Wo Schüler alles über saubere Energie lernen können:

Stadtwerke fördern Unterrichtsprojekt der Deutschen Umwelt Aktion in Herborner Grundschulen

Insgesamt 14 Klassen aus den Herborner Grundschulen haben sich in diesem Jahr zum Umweltunterricht der Deutschen Umwelt Aktion (DUA) angemeldet. Thema sind erneuerbare Energien und die Auswirkungen von Kohlendioxid auf das Klima. Gefördert wird die Unterrichtsaktion, die von Februar bis April 2012 läuft, von der Stadtwerken in Herborn.

(BvT) "In diesem Jahr war das Interesse der Schulen nochmals spürbar stärker als vor zwei Jahren, als wir diese Aktion erstmals in Zusammenarbeit mit der deutschen Umweltaktion angeboten haben.
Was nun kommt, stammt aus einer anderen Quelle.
(* The map ${}'\epsilon$ restricts to a bijection ${}'\mathcal X^{0,+}_{N-2}\to{}'E^{0,+}_N$ and to a bijection ${}''\mathcal X^{0,+}_{N-2}\to{}''E^{0,+}_N$.
   Context: Let $N\ge 3$ be an odd integer and $F=\mathbb Z/2\mathbb Z$. For integers $i,j$ let $[i,j]=\{h\in\mathbb Z: i\le h\le j\}$ (empty if $i>j$). Let $S_N=[1,N]$. The set of all subsets of $S_N$ is an $F$-vector space with sum $X+X'=(X\cup X')-(X\cap X')$; let $E_N$ be the subspace of subsets of even cardinality. A $2$-element subset $\{i,j\}\subseteq S_N$ is written $ij$ when either ($i<j$ and $j-i$ odd) or ($i>j$ and $i-j$ even); each $2$-element subset has exactly one such writing. Let $\mathcal P_N$ be the set of all finite sets $B$ of pairwise disjoint $2$-element subsets of $S_N$; for $B\in\mathcal P_N$ let $\mathrm{supp}(B)=\bigcup_{X\in B}X$, $B^0=\{\{i,j\}\in B: i-j\text{ even}\}$, $B^1=\{\{i,j\}\in B: i-j\text{ odd}\}$. A set $X\subseteq S_N$ is $0$-covered (resp. $1$-covered) by $B^1$ if there are $a_1b_1,\dots,a_sb_s\in B^1$ ($s\ge 0$, so $a_r<b_r$) with $X=[a_1,b_1]\sqcup\dots\sqcup[a_s,b_s]$ (resp. $X=[a_1,b_1]\sqcup\dots\sqcup[a_s,b_s]\sqcup\{u\}$ for some $u$), disjoint unions. Let ${}^*\mathcal P_N$ be the set of $B\in\mathcal P_N$ such that: for every $ij\in B^1$ the set $[i+1,j-1]$ is $0$-covered by $B^1$; and there is a sequence $i_*(B)=(i_1,\dots,i_{2s})$ in $S_N$ with $B^0=\{i_{2s}i_1,i_{2s-1}i_2,\dots,i_{s+1}i_s\}$ (so $s=|B^0|$; the sequence is unique) such that, if $s\ge1$, each of $[i_1+1,i_2-1],\dots,[i_{s-1}+1,i_s-1],[i_{s+1}+1,i_{s+2}-1],\dots,[i_{2s-1}+1,i_{2s}-1]$ is $0$-covered by $B^1$. For $B\in{}^*\mathcal P_N$ with $i_*(B)=(i_1,\dots,i_{2s})$ consider: (I) $s=0$, or $s\ge1$ and $[1,i_1-1]$ and $[i_{2s}+1,N]$ are $0$-covered by $B^1$; (II) $N\notin\mathrm{supp}(B)$ and either $s=0$, or $s$ is odd and either (i) $[1,i_1-1]$ is $1$-covered and $[i_{2s}+1,N-1]$ is $0$-covered by $B^1$, or (ii) $[1,i_1-1]$ is $0$-covered and $[i_{2s}+1,N-1]$ is $1$-covered by $B^1$; (III) (I) holds and, if $s$ is even then $\{i,N\}\in B$ for some even $i$, if $s$ is odd then $\{i,N\}\in B$ for some odd $i$. Let $\mathcal X^+_{N-2}$, $\mathcal X^-_{N-2}$ be the sets of $B\in{}^*\mathcal P_N$ satisfying (II), (III) respectively, and $\mathcal X_{N-2}=\mathcal X^+_{N-2}\sqcup\mathcal X^-_{N-2}$. For $B\in\mathcal X^+_{N-2}$ with $s\ge1$ there is a unique $u_B$: in case (i), $u_B\in[1,i_1-1]$ with $[1,u_B-1]$, $[u_B+1,i_1-1]$ $0$-covered by $B^1$ ($u_B$ odd); in case (ii), $u_B\in[i_{2s}+1,N-1]$ with $[i_{2s}+1,u_B-1]$, $[u_B+1,N-1]$ $0$-covered by $B^1$ ($u_B$ even). Put $[[ij]]=[i,j]$ if $i<j$ and $[[ij]]=[i,N]\cup[1,j]$ if $i>j$. For $B\in\mathcal X_{N-2}$ define ${}'\epsilon(B)\in E_N$: ${}'\epsilon(B)=\sum_{ij\in B}[[ij]]$ if $B\in\mathcal X^-_{N-2}$ or if $B\in\mathcal X^+_{N-2}$ with $|B^0|=0$; ${}'\epsilon(B)=\sum_{ij\in B}[[ij]]+[u_B,N]$ if $B\in\mathcal X^+_{N-2}$, $|B^0|$ odd, $u_B$ even; ${}'\epsilon(B)=\sum_{ij\in B}[[ij]]+\{N\}+[1,u_B]$ if $B\in\mathcal X^+_{N-2}$, $|B^0|$ odd, $u_B$ odd. Let $\mathcal X^{0,+}_{N-2}=\{B\in\mathcal X^+_{N-2}:|B^0|=0\}$, ${}'\mathcal X^{0,+}_{N-2}=\{B\in\mathcal X^{0,+}_{N-2}: N-1\notin\mathrm{supp}(B)\}$, ${}''\mathcal X^{0,+}_{N-2}=\{B\in\mathcal X^{0,+}_{N-2}: N-1\in\mathrm{supp}(B)\}$. For $X\in E_N$ let $\gamma(X)=|\{x\in X: x\text{ even}\}|-|\{x\in X:x\text{ odd}\}|$; let $E^{0,+}_N=\{X\in E_N: N\notin X,\ \gamma(X)=0\}$, ${}'E^{0,+}_N=\{X\in E^{0,+}_N:N-1\notin X\}$, ${}''E^{0,+}_N=\{X\in E^{0,+}_N:N-1\in X\}$. *)

theory Defs
  imports "HOL-Library.Disjoint_Sets"
begin

definition PN :: "nat \<Rightarrow> nat set set set" where
  "PN N = {B. finite B \<and> (\<forall>p\<in>B. p \<subseteq> {1..N} \<and> card p = 2)
              \<and> (\<forall>p\<in>B. \<forall>q\<in>B. p \<noteq> q \<longrightarrow> p \<inter> q = {})}"

definition supp :: "nat set set \<Rightarrow> nat set" where
  "supp B = \<Union>B"

definition B0 :: "nat set set \<Rightarrow> nat set set" where
  "B0 B = {p\<in>B. even (Max p - Min p)}"

definition B1 :: "nat set set \<Rightarrow> nat set set" where
  "B1 B = {p\<in>B. odd (Max p - Min p)}"

definition wr :: "nat set \<Rightarrow> nat \<times> nat" where
  "wr p = (if odd (Max p - Min p) then (Min p, Max p) else (Max p, Min p))"

definition ivl :: "nat set \<Rightarrow> nat set" where
  "ivl p = {fst (wr p)..snd (wr p)}"

definition zero_cov :: "nat set set \<Rightarrow> nat set \<Rightarrow> bool" where
  "zero_cov B X \<longleftrightarrow> (\<exists>C \<subseteq> B1 B. finite C \<and> disjoint_family_on ivl C \<and> X = \<Union>(ivl ` C))"

definition one_cov :: "nat set set \<Rightarrow> nat set \<Rightarrow> bool" where
  "one_cov B X \<longleftrightarrow> (\<exists>C \<subseteq> B1 B. \<exists>u. finite C \<and> disjoint_family_on ivl C
        \<and> u \<notin> \<Union>(ivl ` C) \<and> X = \<Union>(ivl ` C) \<union> {u})"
Das freut uns natürlich sehr", kommentiert Jürgen Bepperling, Geschäftsführer der Stadtwerke Herborn, den Erfolg der diesjährigen Unterrichtsaktion. "Gerade als umwelt- und klimabewusster Energieversorger sehen wir uns in der Pflicht, Projekte für qualifizierten Umweltunterricht zu fördern. Daher freuen wir uns, die umweltpädagogische Arbeit der Deutschen Umweltaktion hier in Herborn und Umgebung unterstützen zu können", fährt Bepperling fort. Passend zum aus Wasserkraft klimaneutral erzeugten Strom der Stadtwerke kamen die Themen des diesjährigen Unterrichtsprojekts auch aus dem Bereich Erneuerbarer Energien.

Kindgerecht und spannend aufbereitet

Kindgerecht und spannend aufbereitet konnte Christine Székely, umweltpädagogische Referentin der DUA, schnell das Interesse der Kinder wecken. Zum Thema "Stromerzeugung" wurden den Kindern verschiedene Kraftwerkstypen vorgestellt: An einer Dampfmaschine als Kohlekraftwerk, einem Windrad für die Stromerzeugung durch Windkraft, dem Modell eines Wasserkraftwerkes und einem solargetriebenen Modellauto für die Sonnenenergie konnten die Schülerinnen und Schüler hautnah erleben, auf welche unterschiedlichen Arten sich Elektrizität erzeugen lässt und welche Vorteile regenerative Energiequellen wie Sonne, Wind- und Wasserkraft gegenüber Kohle, Öl oder Erdgas haben. Auch die Auswirkungen des Treibhausgases Kohlendioxid auf das Klima wurden besprochen. Mit diesem Wissen konnten die Kinder dann selbst erarbeiten, wie sie in der Schule und ihren Familien bewusst mit Energie umgehen können, um den eigenen Stromverbrauch zu senken: Elektrische Geräte ganz ausschalten und nicht im Standby-Modus laufen lassen, Lampen beim Verlassen eines Zimmers ausschalten oder beim Lüften die Heizung ausdrehen, waren dabei nur einige der Strategien, auf die die Kleinen gekommen waren. "Die Kinder haben viel Freude an diesem sehr handlungsorientierten und anschaulichen Unterricht in den zwei Schulstunden gehabt und werden sicher viel Wissen mit nach Hause nehmen", resümiert auch die Klassenlehrerin der vierten Klasse der Comenius-Schule, Katja Hemann, das Projekt. Die 10-jährige Yana fasst es zusammen: "Ich fand es spannend, dass ich jetzt verstanden habe, wie man Strom herstellen kann, ohne die Luft zu verschmutzen."